‘I found a dead bird. It made me sad… but I also had a lot of questions.’
Older primary school children, who are this book’s likely readers, will no doubt have pondered on the fate of the dead animals they will have come across when out and about. And so this introductory sentence is just what is needed to link their wonderings with the content of the book. And what comprehensive coverage of a challenging topic is provided here. All aspects of the cycle of life are covered – life and lifespans, how animals and people die, what happens to bodies after death and funeral customs. Headings and subheadings and use of colour make for an appealing format. The written text is lively and coherent and rich with interesting information. The longer blocks of text are substantial enough in terminology and concepts to take children far beyond the superficial. Unsettling facts are not glossed over: some lives are very short. Baby mammals, for example, are helpless and vulnerable to predators and indeed all living things are consumers of other creatures or plants. While the book is about science and evidence, it also covers what different people believe about the soul and life after death. Information is communicated in a rich variety of ways. The illustrations have a hugely important role and, in addition to copious photographs, take the form of pictorial charts and diagrams, for example showing food webs and the progress of decay.

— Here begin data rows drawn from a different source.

(* For every $\lambda>0$, the function $R_\lambda(e)=\partial_eF(\lambda,e)$ is strictly increasing and strictly concave on $I_\lambda$.
   Context: Let $\gamma>0$; let $a_1,\dots,a_p>0$ with weights $\omega_i>0$, $\sum_i\omega_i=1$, and $b_1,\dots,b_n>0$ with weights $\pi_j>0$, $\sum_j\pi_j=1$; put $a^*=\max_i a_i$, $b^*=\max_j b_j$. Define $G(e)=\sum_{j=1}^n\frac{b_j\pi_j}{1+\gamma b_j e}$, $J=\{e: e>-1/(\gamma b^* )\}$, and for $\lambda>0$, $I_\lambda=\{e\in J: G(e)<\lambda/a^*\}$. Define $F(\lambda,e)=e-\sum_{i=1}^p\frac{a_i\omega_i}{a_iG(e)-\lambda}$. *)

theory Defs
  imports "HOL-Analysis.Analysis"
begin

definition strict_concave_on :: "real set \<Rightarrow> (real \<Rightarrow> real) \<Rightarrow> bool" where
  "strict_concave_on S f \<longleftrightarrow>
     (\<forall>x\<in>S. \<forall>y\<in>S. x \<noteq> y \<longrightarrow> (\<forall>t. 0 < t \<and> t < 1 \<longrightarrow>
        (1 - t) * f x + t * f y < f ((1 - t) * x + t * y)))"

definition G :: "real \<Rightarrow> nat \<Rightarrow> (nat \<Rightarrow> real) \<Rightarrow> (nat \<Rightarrow> real) \<Rightarrow> real \<Rightarrow> real" where
  "G \<gamma> n b \<pi> e = (\<Sum>j=1..n. b j * \<pi> j / (1 + \<gamma> * b j * e))"

definition F :: "real \<Rightarrow> nat \<Rightarrow> (nat \<Rightarrow> real) \<Rightarrow> (nat \<Rightarrow> real) \<Rightarrow> nat \<Rightarrow> (nat \<Rightarrow> real) \<Rightarrow> (nat \<Rightarrow> real)
                  \<Rightarrow> real \<Rightarrow> real \<Rightarrow> real" where
  "F \<gamma> p a \<omega> n b \<pi> lam e = e - (\<Sum>i=1..p. a i * \<omega> i / (a i * G \<gamma> n b \<pi> e - lam))"

definition J :: "real \<Rightarrow> nat \<Rightarrow> (nat \<Rightarrow> real) \<Rightarrow> real set" where
  "J \<gamma> n b = {e. e > - 1 / (\<gamma> * Max (b ` {1..n}))}"

definition I :: "real \<Rightarrow> nat \<Rightarrow> (nat \<Rightarrow> real) \<Rightarrow> nat \<Rightarrow> (nat \<Rightarrow> real) \<Rightarrow> (nat \<Rightarrow> real)
                  \<Rightarrow> real \<Rightarrow> real set" where
  "I \<gamma> p a n b \<pi> lam = {e \<in> J \<gamma> n b. G \<gamma> n b \<pi> e < lam / Max (a ` {1..p})}"

definition R :: "real \<Rightarrow> nat \<Rightarrow> (nat \<Rightarrow> real) \<Rightarrow> (nat \<Rightarrow> real) \<Rightarrow> nat \<Rightarrow> (nat \<Rightarrow> real) \<Rightarrow> (nat \<Rightarrow> real)
                  \<Rightarrow> real \<Rightarrow> real \<Rightarrow> real" where
  "R \<gamma> p a \<omega> n b \<pi> lam e = deriv (\<lambda>x. F \<gamma> p a \<omega> n b \<pi> lam x) e"

end

theory Submission
  imports Defs
begin

text \<open>
  G is a positive combination of the functions \<open>e \<mapsto> 1 / (1 + \<gamma> b\<^sub>j e)\<close>, so on J its
  derivatives alternate in sign: \<open>(-1)^k G^(k) > 0\<close>. Moreover
  \<open>F(\<lambda>, e) = e + \<Sum>\<^sub>i \<phi>\<^sub>i(G(e))\<close> with \<open>\<phi>\<^sub>i(x) = a\<^sub>i \<omega>\<^sub>i / (\<lambda> - a\<^sub>i x)\<close>, and all derivatives
  of \<open>\<phi>\<^sub>i\<close> are positive for \<open>x < \<lambda> / a\<^sub>i\<close>, in particular at \<open>x = G(e)\<close> for \<open>e \<in> I\<^sub>\<lambda>\<close>.
  By the chain rule (Faa di Bruno up to order three)
  \<open>R' = \<Sum>\<^sub>i \<phi>\<^sub>i''(G) G'^2 + \<phi>\<^sub>i'(G) G''\<close> and
  \<open>R'' = \<Sum>\<^sub>i \<phi>\<^sub>i'''(G) G'^3 + 3 \<phi>\<^sub>i''(G) G' G'' + \<phi>\<^sub>i'(G) G'''\<close>,
  where every summand of R' is positive and every summand of R'' is negative. Since G is
  decreasing, \<open>I\<^sub>\<lambda>\<close> is an interval, on which these signs give strict monotonicity and strict
  concavity.
\<close>

lemma convex_atLeastAtMost_subset:
  fixes x y :: real
  assumes "convex S" and "x \<in> S" and "y \<in> S"
  shows "{x..y} \<subseteq> S"
proof (cases "x \<le> y")
  case True
  then show ?thesis
    using closed_segment_subset[OF assms(2,3,1)] by (simp add: closed_segment_eq_real_ivl1)
qed simp

lemma strict_mono_on_if_deriv_pos:
  fixes f f' :: "real \<Rightarrow> real"
  assumes "convex S"
    and deriv: "\<And>x. x \<in> S \<Longrightarrow> (f has_real_derivative f' x) (at x)"
    and pos: "\<And>x. x \<in> S \<Longrightarrow> f' x > 0"
  shows "strict_mono_on S f"
proof (rule strict_mono_onI)
  fix x y assume "x \<in> S" "y \<in> S" "x < y"
  then have "{x..y} \<subseteq> S"
    using \<open>convex S\<close> by (intro convex_atLeastAtMost_subset)
  show "f x < f y"
  proof (rule DERIV_pos_imp_increasing[OF \<open>x < y\<close>])
    fix z assume "x \<le> z" "z \<le> y"
    with \<open>{x..y} \<subseteq> S\<close> have "z \<in> S" by auto
    then show "\<exists>d. (f has_real_derivative d) (at z) \<and> d > 0"
      using deriv pos by blast
  qed
qed

lemma strict_concave_on_if_second_deriv_neg:
  fixes f f' f'' :: "real \<Rightarrow> real"
  assumes "convex S"
    and deriv: "\<And>x. x \<in> S \<Longrightarrow> (f has_real_derivative f' x) (at x)"
    and deriv2: "\<And>x. x \<in> S \<Longrightarrow> (f' has_real_derivative f'' x) (at x)"
    and neg: "\<And>x. x \<in> S \<Longrightarrow> f'' x < 0"
  shows "strict_concave_on S f"
proof -
  have antimono: "strict_mono_on S (\<lambda>x. - f' x)"
    using \<open>convex S\<close> by (rule strict_mono_on_if_deriv_pos) (use deriv2 neg in \<open>auto intro: DERIV_minus\<close>)
  have mvt: "\<exists>z\<in>{x<..<y}. z \<in> S \<and> f y - f x = (y - x) * f' z"
    if "x \<in> S" "y \<in> S" "x < y" for x y
  proof -
    have "{x..y} \<subseteq> S"
      using \<open>convex S\<close> that by (intro convex_atLeastAtMost_subset)
    then have "(f has_real_derivative f' z) (at z)" if "x \<le> z" "z \<le> y" for z
      using deriv that by auto
    then obtain z where "x < z" "z < y" "f y - f x = (y - x) * f' z"
      using MVT2[OF \<open>x < y\<close>] by blast
    moreover have "z \<in> S"
      using \<open>{x..y} \<subseteq> S\<close> \<open>x < z\<close> \<open>z < y\<close> by auto
    ultimately show ?thesis by auto
  qed
  have below: "(1 - t) * f x + t * f y < f ((1 - t) * x + t * y)"
    if "x \<in> S" "y \<in> S" "x < y" "0 < t" "t < 1" for x y t
  proof -
    define z where "z = (1 - t) * x + t * y"
    have zx: "z - x = t * (y - x)" and yz: "y - z = (1 - t) * (y - x)"
      unfolding z_def by (simp_all add: algebra_simps)
    have "0 < t * (y - x)" "0 < (1 - t) * (y - x)"
      using that by (simp_all add: mult_pos_pos)
    then have "x < z" "z < y"
      unfolding zx [symmetric] yz [symmetric] by simp_all
    then have "z \<in> S"
      using convex_atLeastAtMost_subset[OF \<open>convex S\<close> \<open>x \<in> S\<close> \<open>y \<in> S\<close>] by auto
    obtain u where u: "u < z" "u \<in> S" "f z - f x = (z - x) * f' u"
      using mvt[OF \<open>x \<in> S\<close> \<open>z \<in> S\<close> \<open>x < z\<close>] by auto
    obtain v where v: "z < v" "v \<in> S" "f y - f z = (y - z) * f' v"
      using mvt[OF \<open>z \<in> S\<close> \<open>y \<in> S\<close> \<open>z < y\<close>] by auto
    have "f' v < f' u"
      using antimono u v by (auto dest: strict_mono_onD)
    have "(1 - t) * f x + t * f y - f z = t * (f y - f z) - (1 - t) * (f z - f x)"
      by (simp add: algebra_simps)
    also have "\<dots> = t * (1 - t) * (y - x) * (f' v - f' u)"
      by (simp only: u(3) v(3) zx yz) (simp add: algebra_simps)
    also have "\<dots> < 0"
      using that \<open>f' v < f' u\<close> by (simp add: mult_pos_neg)
    finally show ?thesis unfolding z_def by simp
  qed
  show ?thesis
    unfolding strict_concave_on_def
  proof (intro ballI impI allI)
    fix x y t :: real assume "x \<in> S" "y \<in> S" "x \<noteq> y" and t: "0 < t \<and> t < 1"
    then consider "x < y" | "y < x" by linarith
    then show "(1 - t) * f x + t * f y < f ((1 - t) * x + t * y)"
    proof cases
      case 1 then show ?thesis using below \<open>x \<in> S\<close> \<open>y \<in> S\<close> t by blast
    next
      case 2 then show ?thesis using below[of y x "1 - t"] \<open>x \<in> S\<close> \<open>y \<in> S\<close> t
        by (simp add: algebra_simps)
    qed
  qed
qed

The intriguing aspects of the topic are always to the fore. What would happen if people and animals did not die? In the case of flies, in a few months huge areas of the world would be waist-deep in the insects. After covering some ‘big shapes’ of the topic the author returns to the specific at the end and we learn the actual story of the dead hummingbird that first draws us into the book. Whatever changes come about in the curriculum, science is always going to include much about the life cycles of human beings and creatures and this book deserves a place in the primary school library.